At the time of our chat, Rose is gearing up for a full international tour in support of The Art Of Forgetting. It’s a prospect they are relishing but, in light of what transpired last time around, are not taking for granted.

“There are no guarantees, that was a big lesson for me last time,” Rose reflects. “These wrenches can get thrown in the mix that can stop your plans, but you can find something different to do instead. I’m more open minded to things now. At the end of the day, I went through this time, made an album about it that I’m really proud of, and that’s a big feat for me.

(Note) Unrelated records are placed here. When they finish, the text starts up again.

(* Let $K\subseteq\mathbb{R}^d$ be a proper locally anti-blocking body and $i\in\{1,\dots,d\}$. Then $$\mu_i(K)=\max\Big\{\mu(K\cap L_I): I\subseteq\{1,\dots,d\},\ |I|=i\Big\},$$ where $L_I=\operatorname{span}_{\mathbb{R}}\{e_k:k\in I\}$ and $\mu(K\cap L_I)$ is the covering radius of $K\cap L_I$ with respect to $\mathbb{Z}^d\cap L_I$ inside $L_I$.
   Context: A convex body is a full-dimensional compact convex set. For $I\subseteq\{1,\dots,d\}$, $L_I$ is the coordinate subspace spanned by the standard basis vectors $e_k$, $k\in I$, and $\pi_{L_I}$ the orthogonal projection onto it. A convex body $K\subseteq\mathbb{R}^d$ is locally anti-blocking if $K\cap L_I=\pi_{L_I}(K)$ for every $I\subseteq\{1,\dots,d\}$; it is proper if it contains the origin in its interior. For $i\in\{1,\dots,d\}$, $\mu_i(K)=\min\{\mu\ge0:(\mu K+\mathbb{Z}^d)\cap U\ne\emptyset$ for every $(d-i)$-dimensional affine subspace $U\subseteq\mathbb{R}^d\}$. For a convex body $C$ in a subspace $E$ with lattice $\Gamma\subseteq E$, the covering radius is $\min\{\mu\ge0:\mu C+\Gamma=E\}$. *)

theory Defs
  imports "HOL-Analysis.Analysis"
begin

text \<open>We work in R^d rendered as real^'n, with d = CARD('n); coordinates are indexed by 'n.\<close>

definition convex_body :: "(real^'n) set \<Rightarrow> bool" where
  "convex_body K \<longleftrightarrow> convex K \<and> compact K \<and> interior K \<noteq> {}"

definition coord_subspace :: "'n set \<Rightarrow> (real^'n) set" where
  "coord_subspace I = span ((\<lambda>k. axis k (1::real)) ` I)"

definition coord_proj :: "'n set \<Rightarrow> real^'n \<Rightarrow> real^'n" where
  "coord_proj I x = (\<chi> k. if k \<in> I then x $ k else 0)"

definition locally_anti_blocking :: "(real^'n) set \<Rightarrow> bool" where
  "locally_anti_blocking K \<longleftrightarrow> convex_body K \<and>
     (\<forall>I. K \<inter> coord_subspace I = coord_proj I ` K)"

definition proper_body :: "(real^'n) set \<Rightarrow> bool" where
  "proper_body K \<longleftrightarrow> 0 \<in> interior K"

definition int_lattice :: "(real^'n) set" where
  "int_lattice = {x. \<forall>k. x $ k \<in> \<int>}"

definition dil_plus :: "real \<Rightarrow> (real^'n) set \<Rightarrow> (real^'n) set \<Rightarrow> (real^'n) set" where
  "dil_plus \<mu> C G = {\<mu> *\<^sub>R c + g | c g. c \<in> C \<and> g \<in> G}"

definition mu_i :: "(real^'n) set \<Rightarrow> nat \<Rightarrow> real" where
  "mu_i K i = Inf {\<mu>. \<mu> \<ge> 0 \<and>
     (\<forall>U. affine U \<and> U \<noteq> {} \<and> aff_dim U = int CARD('n) - int i \<longrightarrow>
          dil_plus \<mu> K int_lattice \<inter> U \<noteq> {})}"

definition covering_radius :: "(real^'n) set \<Rightarrow> (real^'n) set \<Rightarrow> (real^'n) set \<Rightarrow> real" where
  "covering_radius C E G = Inf {\<mu>. \<mu> \<ge> 0 \<and> dil_plus \<mu> C G = E}"

end

theory Submission
  imports Defs
begin

text \<open>
  If \<open>\<mu>K + \<int>\<^sup>d\<close> meets every affine subspace of dimension \<open>d - |I|\<close>, it meets every
  translate \<open>x + L\<^bsub>-I\<^esub>\<close> with \<open>x \<in> L\<^sub>I\<close>. Projecting a meeting point by \<open>\<pi>\<^sub>I\<close>, which maps
  \<open>K\<close> onto \<open>K \<inter> L\<^sub>I\<close> (local anti-blocking) and \<open>\<int>\<^sup>d\<close> into \<open>\<int>\<^sup>d \<inter> L\<^sub>I\<close>, shows that
  \<open>\<mu>(K \<inter> L\<^sub>I) + (\<int>\<^sup>d \<inter> L\<^sub>I)\<close> covers \<open>L\<^sub>I\<close>. Conversely, the direction space of a
  \<open>(d - i)\<close>-dimensional affine subspace \<open>U\<close> has a complementary coordinate subspace
  \<open>L\<^sub>I\<close> with \<open>|I| = i\<close>, so \<open>U\<close> meets \<open>L\<^sub>I\<close>; hence \<open>U\<close> meets \<open>\<mu>K + \<int>\<^sup>d\<close> as soon as
  \<open>\<mu>\<close> exceeds the covering radius of every section \<open>K \<inter> L\<^sub>I\<close> with \<open>|I| = i\<close>.
\<close>

lemma coord_subspace_eq:
  fixes I :: "'n::finite set"
  shows "coord_subspace I = {x. \<forall>k. k \<notin> I \<longrightarrow> x $ k = 0}"
proof
  have "subspace {x::real^'n. \<forall>k. k \<notin> I \<longrightarrow> x $ k = 0}"
    by (auto simp: subspace_def)
  then show "coord_subspace I \<subseteq> {x. \<forall>k. k \<notin> I \<longrightarrow> x $ k = 0}"
    unfolding coord_subspace_def by (rule span_minimal[rotated]) (auto simp: axis_def)
next
  show "{x::real^'n. \<forall>k. k \<notin> I \<longrightarrow> x $ k = 0} \<subseteq> coord_subspace I"
  proof
    fix x :: "real^'n"
    assume x: "x \<in> {x. \<forall>k. k \<notin> I \<longrightarrow> x $ k = 0}"
    have "x = (\<Sum>k\<in>I. x $ k *\<^sub>R axis k 1)"
    proof (subst vec_eq_iff, intro allI)
      fix j
      show "x $ j = (\<Sum>k\<in>I. x $ k *\<^sub>R axis k 1) $ j"
        using x by (cases "j \<in> I") (auto simp: axis_def if_distrib sum.delta cong: if_cong)
    qed
    also have "\<dots> \<in> coord_subspace I"
      unfolding coord_subspace_def by (intro span_sum span_mul span_base) auto
    finally show "x \<in> coord_subspace I" .
  qed
qed

lemma coord_subspace_UNIV [simp]: "coord_subspace UNIV = UNIV"
  by (simp add: coord_subspace_eq)

lemma subspace_coord_subspace: "subspace (coord_subspace I)"
  unfolding coord_subspace_def by (rule subspace_span)

lemma dim_coord_subspace: "dim (coord_subspace (I :: 'n::finite set)) = card I"
proof -
  have inj: "inj_on (\<lambda>k::'n. axis k (1::real)) I"
    by (auto simp: inj_on_def axis_eq_axis)
  have "independent ((\<lambda>k::'n. axis k (1::real)) ` I)"
    by (rule independent_mono[OF independent_Basis]) auto
  then show ?thesis
    unfolding coord_subspace_def dim_span
    using dim_eq_card_independent card_image[OF inj] by metis
qed

lemma aff_dim_coord_subspace: "aff_dim (coord_subspace I) = int (card I)"
  by (simp add: aff_dim_subspace subspace_coord_subspace dim_coord_subspace)

lemma coord_proj_scaleR_add: "coord_proj I (\<mu> *\<^sub>R c + g) = \<mu> *\<^sub>R coord_proj I c + coord_proj I g"
  by (simp add: coord_proj_def vec_eq_iff)

lemma coord_proj_in_coord_subspace: "coord_proj I x \<in> coord_subspace I"
  by (simp add: coord_proj_def coord_subspace_eq)

lemma coord_proj_add_complement:
  assumes "x \<in> coord_subspace I" "w \<in> coord_subspace (- I)"
  shows "coord_proj I (x + w) = x"
  using assms by (auto simp: coord_proj_def coord_subspace_eq vec_eq_iff)

lemma coord_proj_int_lattice: "g \<in> int_lattice \<Longrightarrow> coord_proj I g \<in> int_lattice"
  by (simp add: coord_proj_def int_lattice_def)

text \<open>
  Extending a basis of \<open>V\<close> by standard basis vectors to a basis of the whole space
  uses at most \<open>i\<close> of them.
\<close>
lemma coord_subspace_complement_exists:
  fixes V :: "(real^'n) set"
  assumes V: "subspace V" and dim: "dim V + i = CARD('n)"
  shows "\<exists>I. card I = i \<and> (\<forall>z. \<exists>v\<in>V. \<exists>l\<in>coord_subspace I. z = v + l)"
proof -
  obtain B where B: "B \<subseteq> V" "independent B" "V \<subseteq> span B" "card B = dim V"
    by (rule basis_exists)
  define A where "A = range (\<lambda>k::'n. axis k (1::real))"
  obtain C where C: "B \<subseteq> C" "C \<subseteq> B \<union> A" "independent C" "B \<union> A \<subseteq> span C"
    using maximal_independent_subset_extend[of B "B \<union> A"] B(2) by blast
  have "finite C" "card C \<le> CARD('n)"
    using independent_bound[OF C(3)] by simp_all
  define J where "J = {k. axis k (1::real) \<in> C - B}"
  have CB: "C - B = (\<lambda>k. axis k 1) ` J"
    using C(2) unfolding J_def A_def by auto
  have "card J = card (C - B)"
    unfolding CB by (rule card_image[symmetric]) (auto simp: inj_on_def axis_eq_axis)
  also have "\<dots> = card C - card B"
    using C(1) \<open>finite C\<close> by (meson card_Diff_subset finite_subset)
  also have "\<dots> \<le> i"
    using \<open>card C \<le> CARD('n)\<close> B(4) dim by linarith
  finally obtain I where I: "J \<subseteq> I" "card I = i"
    using exists_subset_between[of J i "UNIV::'n set"] dim by auto
  have "\<exists>v\<in>V. \<exists>l\<in>coord_subspace I. z = v + l" for z
  proof -
    have "span A = UNIV"
      using coord_subspace_UNIV unfolding coord_subspace_def A_def by simp
    then have "z \<in> span C"
      using C(4) span_minimal[of A "span C"] by auto
    also have "span C = span (B \<union> (C - B))"
      using C(1) by (simp add: Un_absorb1)
    finally obtain b c where bc: "z = b + c" "b \<in> span B" "c \<in> span (C - B)"
      unfolding span_Un by blast
    have "b \<in> V"
      using bc(2) B(1) V span_minimal by blast
    moreover have "c \<in> coord_subspace I"
      using bc(3) span_mono[OF image_mono[OF I(1)]] unfolding CB coord_subspace_def by blast
    ultimately show ?thesis
      using bc(1) by blast
  qed
  then show ?thesis
    using I(2) by blast
qed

“Usually, I’m tearing apart my own work and just thinking about everything I could have done differently. But I made it part of my constitution when I was making it not to feel like that. When all is said and done, I have this album I’m really proud of, the songs still move me, and I think that in itself is a huge accomplishment for me, and I feel really proud of myself. And the fact that I feel proud of myself is a huge accomplishment.”

That Rose has not only been able to overcome the circumstances that underpin The Art Of Forgetting but emerge with a record of such scope and creative dexterity is an achievement of which any artist should be proud. The evolution they have undergone in the space between albums has been profound. And in this stark articulation of personal experience, they may have produced their most universal and affecting piece of work so far.